Apathy is not my friend

3 October3 November 2013

From 3 October – 3 November, Chapter House Lane presents ‘Apathy is not my friend’ an exhibition curated by gallery director Louise Klerks, featuring new work by Ronnie van Hout, Feiko Beckers and Malcolm Whittaker. Join us at the opening from 6-8pm, Thursday 3 October.

For the artist, the point of making can seem somewhat absurd. ‘Apathy is not my friend’, as the title suggests, signifies the artist’s resistance to the state of apathy by personifying it as unwelcome company. In this exhibition, the artists take a stance against apathy using humour as a repellent. The three artists in this exhibition use themselves as the central figure in their practice to portray this awareness.

If you accept the human situation as absurd, the only thing left is to revel in the ‘essence of human experience.’ To which end, living and making in all its forms, actions, and a reception of the illogical are key. For an artist to question why might not be the point, rather the question becomes: why not?

Dutch artist, Feiko Beckers uses video and performance to create a language of the absurd inflected with sarcasm and humour. Recurring themes of failure and the incongruous appear in everyday scenes drawn from his life. He sets up engaging tales then interrupts the narrative unexpectedly, eliciting an altered reaction from his audience.

Ronnie van Hout, a New Zealander represented locally by Kalimanrawlins, unleashes his humour on the ego, positioning himself as subject in previous sculptural works Ersatz and The Thing. His new work once again serves as a comic substitute for the self-effacing reality of an arbitrary existence.
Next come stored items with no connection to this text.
lemma good_adjoin_inverse:
  assumes B: "is_subalgebra B" and Q: "is_quadmod B Q" and good: "good B Q"
    and g: "g \<in> B" and g_nonzero: "\<And>x. g x \<noteq> 0" and f: "f = (\<lambda>x. 1 / g x)"
  shows "good (adjoin B f) (qm_gen (adjoin B f) Q)"
proof (rule good_adjoinI[OF B Q good])
  show "Q \<subseteq> adjoin B f"
    using Q subset_adjoin by (fastforce simp: is_quadmod_def)
  show "0 \<le> s x" if "s \<in> Q" for s x
    using good_nonneg[OF good that] .
  fix y assume y: "y \<in> KY (adjoin B f) (qm_gen (adjoin B f) Q)" and yB: "restrict y B \<in> KY B Q"
  have yA: "y \<in> Ychar (adjoin B f)"
    using y by (simp add: KY_def)
  have "(\<lambda>x. f x * g x) = (\<lambda>_. 1)"
    using f g_nonzero by simp
  then have "y f * y g = 1"
    using Ychar_mult[OF yA in_adjoin, of g] Ychar_const[OF adjoin_subalgebra yA, of 1] g subset_adjoin
    by auto
  then have "y g \<noteq> 0" "y f = 1 / y g"
    by (auto simp: eq_divide_eq)
  moreover from \<open>y g \<noteq> 0\<close> have "isCont (\<lambda>t. 1 / t) (y g)"
    by (intro continuous_intros) auto
  ultimately show "approximable (insert f B) y"
    using good_imp_approximable[OF good yB] g f by (intro approximable_insert_comp) auto
qed simp

lemma good_adjoin_piecewise:
  assumes B: "is_subalgebra B" and Q: "is_quadmod B Q" and good: "good B Q"
    and g: "g \<in> B" and h: "h \<in> B" and q: "q \<in> B"
    and f: "f = (\<lambda>x. if q x \<ge> 0 then g x else h x)"
    and agree: "\<And>y. y \<in> KY B Q \<Longrightarrow> y q = 0 \<Longrightarrow> y g = y h"
  shows "good (adjoin B f) (qm_gen (adjoin B f)
           (Q \<union> {\<lambda>x. - (q x * (f x - g x)\<^sup>2), \<lambda>x. q x * (f x - h x)\<^sup>2}))"
proof (rule good_adjoinI[OF B Q good])
  have A: "f \<in> adjoin B f" "g \<in> adjoin B f" "h \<in> adjoin B f" "q \<in> adjoin B f"
    using g h q in_adjoin subset_adjoin[of B f] by auto
  note closed = subalgebra_closed[OF adjoin_subalgebra]
  show "Q \<union> {\<lambda>x. - (q x * (f x - g x)\<^sup>2), \<lambda>x. q x * (f x - h x)\<^sup>2} \<subseteq> adjoin B f"
    using Q subset_adjoin A by (fastforce simp: is_quadmod_def closed)
  show "0 \<le> p x" if "p \<in> Q \<union> {\<lambda>x. - (q x * (f x - g x)\<^sup>2), \<lambda>x. q x * (f x - h x)\<^sup>2}" for p x
    using that good_nonneg[OF good] f by (auto simp: mult_nonneg_nonpos mult_nonpos_nonneg)
  fix y assume y: "y \<in> KY (adjoin B f) (qm_gen (adjoin B f)
                     (Q \<union> {\<lambda>x. - (q x * (f x - g x)\<^sup>2), \<lambda>x. q x * (f x - h x)\<^sup>2}))"
    and yB: "restrict y B \<in> KY B Q"
  have yA: "y \<in> Ychar (adjoin B f)"
    using y by (simp add: KY_def)
  note y_hom = Ychar_mult[OF yA] Ychar_minus[OF yA] Ychar_diff[OF adjoin_subalgebra yA]
    Ychar_power[OF adjoin_subalgebra yA] Ychar_const[OF adjoin_subalgebra yA]
  have "0 \<le> y (\<lambda>x. - (q x * (f x - g x)\<^sup>2))"
    by (rule KY_qm_gen_nonneg[OF y]) simp
  then have on_g: "y q * (y f - y g)\<^sup>2 \<le> 0"
    using A by (simp add: y_hom closed)
  have "0 \<le> y (\<lambda>x. q x * (f x - h x)\<^sup>2)"
    by (rule KY_qm_gen_nonneg[OF y]) simp
  then have on_h: "0 \<le> y q * (y f - y h)\<^sup>2"
    using A by (simp add: y_hom closed)
  have "(\<lambda>x. (f x - g x) * (f x - h x)) = (\<lambda>_. 0)"
    using f by auto
  moreover have "y (\<lambda>x. (f x - g x) * (f x - h x)) = (y f - y g) * (y f - y h)"
    using A by (simp add: y_hom closed)
  ultimately have branch: "(y f - y g) * (y f - y h) = 0"
    by (simp add: y_hom)
  show "approximable (insert f B) y"
  proof (rule approximable_insert_piecewise[OF good g h q f yB])
    show "y f = y g" if "0 < y q"
      using on_g that by (simp add: mult_le_0_iff)
    show "y f = y h" if "y q < 0"
      using on_h that by (simp add: zero_le_mult_iff)
    assume "y q = 0"
    then have "y g = y h"
      using agree[OF yB] q g h by simp
    then show "approximable (insert f B) y"
      using good_imp_approximable[OF good yB] branch g h
      by (intro approximable_insert_pointwise[where G = "{g, h}"]) (auto simp: f)
  qed
qed blast

lemma good_adjoin_indicator:
  assumes B: "is_subalgebra B" and Q: "is_quadmod B Q" and good: "good B Q"
    and q: "q \<in> B" and f: "f = (\<lambda>x. if q x \<ge> 0 then 1 else 0)"
    and boundary: "{y \<in> KY B Q. y q = 0} \<subseteq>
          Ytop B closure_of {y \<in> KY B Q. y q > 0} \<inter> Ytop B closure_of {y \<in> KY B Q. y q < 0}"
  shows "good (adjoin B f) (qm_gen (adjoin B f) (Q \<union> {\<lambda>x. q x * f x, \<lambda>x. q x * (f x - 1)}))"
proof (rule good_adjoinI[OF B Q good])
  have A: "f \<in> adjoin B f" "q \<in> adjoin B f"
    using q in_adjoin subset_adjoin[of B f] by auto
  note closed = subalgebra_closed[OF adjoin_subalgebra]
  show "Q \<union> {\<lambda>x. q x * f x, \<lambda>x. q x * (f x - 1)} \<subseteq> adjoin B f"
    using Q subset_adjoin A by (fastforce simp: is_quadmod_def closed)
  show "0 \<le> p x" if "p \<in> Q \<union> {\<lambda>x. q x * f x, \<lambda>x. q x * (f x - 1)}" for p x
    using that good_nonneg[OF good] f by auto
  fix y assume y: "y \<in> KY (adjoin B f) (qm_gen (adjoin B f) (Q \<union> {\<lambda>x. q x * f x, \<lambda>x. q x * (f x - 1)}))"
    and yB: "restrict y B \<in> KY B Q"
  have yA: "y \<in> Ychar (adjoin B f)"
    using y by (simp add: KY_def)
  note y_hom = Ychar_mult[OF yA] Ychar_diff[OF adjoin_subalgebra yA] Ychar_const[OF adjoin_subalgebra yA]
  have "0 \<le> y (\<lambda>x. q x * f x)"
    by (rule KY_qm_gen_nonneg[OF y]) simp
  then have on_1: "0 \<le> y q * y f"
    using A by (simp add: y_hom closed)
  have "0 \<le> y (\<lambda>x. q x * (f x - 1))"
    by (rule KY_qm_gen_nonneg[OF y]) simp
  then have on_0: "0 \<le> y q * (y f - 1)"
    using A by (simp add: y_hom closed)
  have "(\<lambda>x. f x * f x) = f"
    using f by auto
  then have "y f * y f = y f"
    using y_hom(1)[OF A(1) A(1)] by simp
  then have idempotent: "y f = 0 \<or> y f = 1"
    by (metis mult_cancel_right1 mult_zero_left)
  have one: "(\<lambda>_. 1) \<in> B" "(\<lambda>_. 0) \<in> B"
    using B by (simp_all add: subalgebra_const)
  show "approximable (insert f B) y"
  proof (rule approximable_insert_piecewise[where g = "\<lambda>_. 1" and h = "\<lambda>_. 0", OF good one q f yB])
    show "y f = y (\<lambda>_. 1)" if "0 < y q"
      using on_0 that idempotent by (auto simp: y_hom zero_le_mult_iff)
    show "y f = y (\<lambda>_. 0)" if "y q < 0"
      using on_1 that idempotent by (auto simp: y_hom zero_le_mult_iff)
    assume "y q = 0"
    then have "restrict y B \<in> {w \<in> KY B Q. w q = 0}"
      using yB q by simp
    then have "restrict y B \<in>
        Ytop B closure_of {w \<in> KY B Q. w q > 0} \<inter> Ytop B closure_of {w \<in> KY B Q. w q < 0}"
      by (rule subsetD[OF boundary])
    then have "approximable_on B {x. 0 < q x} y" "approximable_on B {x. q x < 0} y"
      using good_approximable_on_preimage[OF good q open_greaterThan[of 0], of "restrict y B"]
        good_approximable_on_preimage[OF good q open_lessThan[of 0], of "restrict y B"]
      by simp_all
    with idempotent show "approximable (insert f B) y"
      using one
      by (auto intro: approximable_insert_pointwise[where G = "{\<lambda>_. 1}"]
          approximable_insert_pointwise[where G = "{\<lambda>_. 0}"] simp: f y_hom)
  qed
qed blast

theorem proposition3p3:
  fixes B Q :: "('a \<Rightarrow> real) set" and f :: "'a \<Rightarrow> real"
  assumes "is_subalgebra B"
    and "is_quadmod B Q"
    and "good B Q"
  shows
   "(\<forall>r g. odd r \<and> g \<in> B \<and> f = (\<lambda>x. root r (g x))
        \<longrightarrow> good (adjoin B f) (qm_gen (adjoin B f) Q)) \<and>
    (\<forall>s g. even s \<and> s > 0 \<and> g \<in> B \<and> (\<forall>x. g x \<ge> 0) \<and> f = (\<lambda>x. root s (g x))
        \<longrightarrow> good (adjoin B f) (qm_gen (adjoin B f) (Q \<union> {f}))) \<and>
    (\<forall>g. g \<in> B \<and> (\<forall>x. g x \<noteq> 0) \<and> f = (\<lambda>x. 1 / g x)
        \<longrightarrow> good (adjoin B f) (qm_gen (adjoin B f) Q)) \<and>
    (\<forall>g h q. g \<in> B \<and> h \<in> B \<and> q \<in> B \<and>
        f = (\<lambda>x. if q x \<ge> 0 then g x else h x) \<and>
        (\<forall>y\<in>KY B Q. y q = 0 \<longrightarrow> y g = y h)
        \<longrightarrow> good (adjoin B f) (qm_gen (adjoin B f)
              (Q \<union> {\<lambda>x. - (q x * (f x - g x)\<^sup>2), \<lambda>x. q x * (f x - h x)\<^sup>2}))) \<and>
    (\<forall>q. q \<in> B \<and> f = (\<lambda>x. if q x \<ge> 0 then 1 else 0) \<and>
        {y \<in> KY B Q. y q = 0} \<subseteq>
          (Ytop B) closure_of {y \<in> KY B Q. y q > 0} \<inter> (Ytop B) closure_of {y \<in> KY B Q. y q < 0}
        \<longrightarrow> good (adjoin B f) (qm_gen (adjoin B f)
              (Q \<union> {\<lambda>x. q x * f x, \<lambda>x. q x * (f x - 1)})))"
proof (intro conjI allI impI; elim conjE)
  fix r g assume "odd r" "g \<in> B" "f = (\<lambda>x. root r (g x))"
  then show "good (adjoin B f) (qm_gen (adjoin B f) Q)"
    by (rule good_adjoin_odd_root[OF assms])
next
  fix s g assume "s > 0" "g \<in> B" "\<forall>x. g x \<ge> 0" "f = (\<lambda>x. root s (g x))"
  then show "good (adjoin B f) (qm_gen (adjoin B f) (Q \<union> {f}))"
    by (intro good_adjoin_even_root[OF assms]) auto
next
  fix g assume "g \<in> B" "\<forall>x. g x \<noteq> 0" "f = (\<lambda>x. 1 / g x)"
  then show "good (adjoin B f) (qm_gen (adjoin B f) Q)"
    by (intro good_adjoin_inverse[OF assms]) auto
next
  fix g h q assume "g \<in> B" "h \<in> B" "q \<in> B" "f = (\<lambda>x. if q x \<ge> 0 then g x else h x)"
    "\<forall>y\<in>KY B Q. y q = 0 \<longrightarrow> y g = y h"
  then show "good (adjoin B f) (qm_gen (adjoin B f)
      (Q \<union> {\<lambda>x. - (q x * (f x - g x)\<^sup>2), \<lambda>x. q x * (f x - h x)\<^sup>2}))"
    by (intro good_adjoin_piecewise[OF assms]) auto
next
  fix q assume "q \<in> B" "f = (\<lambda>x. if q x \<ge> 0 then 1 else 0)"
    "{y \<in> KY B Q. y q = 0} \<subseteq>
       (Ytop B) closure_of {y \<in> KY B Q. y q > 0} \<inter> (Ytop B) closure_of {y \<in> KY B Q. y q < 0}"
  then show "good (adjoin B f) (qm_gen (adjoin B f) (Q \<union> {\<lambda>x. q x * f x, \<lambda>x. q x * (f x - 1)}))"
    by (rule good_adjoin_indicator[OF assms])
qed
Malcolm Whittaker is an interdisciplinary artist, writer and performer based in Sydney. He does this in solo pursuits, as a member of performance collective Team MESS and in other collaborations with artists and non-artists. Each is a process of playing within the conventions, rituals and spectacles of the everyday – seeking to close a critical distance between the work and the viewer in order to open up a shared space of experience, exchange and possibility. The material situations of these spaces range from theatre and gallery settings to site-specific and public interventions to performance lectures, walks in the park, letters in the mail and the borrowing of books from the library.